*** Opening EXCERPTED RECORDS ***

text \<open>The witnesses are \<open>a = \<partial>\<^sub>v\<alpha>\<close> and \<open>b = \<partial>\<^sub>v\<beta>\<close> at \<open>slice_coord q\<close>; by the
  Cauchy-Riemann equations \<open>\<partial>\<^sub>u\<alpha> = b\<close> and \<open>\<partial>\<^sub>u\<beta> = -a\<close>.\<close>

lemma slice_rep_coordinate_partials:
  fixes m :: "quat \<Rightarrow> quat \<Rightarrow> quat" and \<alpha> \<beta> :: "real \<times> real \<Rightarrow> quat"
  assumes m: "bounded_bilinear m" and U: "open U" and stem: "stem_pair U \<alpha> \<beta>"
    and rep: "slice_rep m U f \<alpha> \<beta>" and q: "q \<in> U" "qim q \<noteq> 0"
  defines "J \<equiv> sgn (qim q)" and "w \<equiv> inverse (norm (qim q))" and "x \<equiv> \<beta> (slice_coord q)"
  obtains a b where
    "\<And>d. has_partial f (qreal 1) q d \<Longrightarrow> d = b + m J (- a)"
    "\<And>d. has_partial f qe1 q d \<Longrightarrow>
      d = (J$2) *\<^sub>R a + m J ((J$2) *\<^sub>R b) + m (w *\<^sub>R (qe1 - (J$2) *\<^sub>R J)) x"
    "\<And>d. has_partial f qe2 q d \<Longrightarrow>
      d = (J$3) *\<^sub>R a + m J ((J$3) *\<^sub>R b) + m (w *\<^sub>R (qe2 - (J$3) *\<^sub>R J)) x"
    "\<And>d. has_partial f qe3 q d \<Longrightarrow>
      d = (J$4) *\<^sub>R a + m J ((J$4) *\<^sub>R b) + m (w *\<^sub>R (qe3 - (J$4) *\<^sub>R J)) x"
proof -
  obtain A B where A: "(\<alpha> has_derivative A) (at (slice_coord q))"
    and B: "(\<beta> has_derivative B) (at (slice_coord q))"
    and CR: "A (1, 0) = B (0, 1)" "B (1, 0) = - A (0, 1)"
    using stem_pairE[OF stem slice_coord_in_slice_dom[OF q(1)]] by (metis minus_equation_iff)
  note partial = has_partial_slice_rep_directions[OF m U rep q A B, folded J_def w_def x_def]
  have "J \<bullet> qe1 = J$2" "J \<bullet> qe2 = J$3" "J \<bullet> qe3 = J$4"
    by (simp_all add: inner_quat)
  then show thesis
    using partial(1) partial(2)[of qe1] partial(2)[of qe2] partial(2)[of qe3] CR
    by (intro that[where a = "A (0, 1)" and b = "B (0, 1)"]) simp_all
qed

*** Closing EXCERPTED RECORDS ***

== WHAT THE TASK REQUIRES ==
Find all the lines with "close" in the data and copy them.

== COMPLETED TASK ==
text \<open>The witnesses are \<open>a = \<partial>\<^sub>v\<alpha>\<close> and \<open>b = \<partial>\<^sub>v\<beta>\<close> at \<open>slice_coord q\<close>; by the
  Cauchy-Riemann equations \<open>\<partial>\<^sub>u\<alpha> = b\<close> and \<open>\<partial>\<^sub>u\<beta> = -a\<close>.\<close>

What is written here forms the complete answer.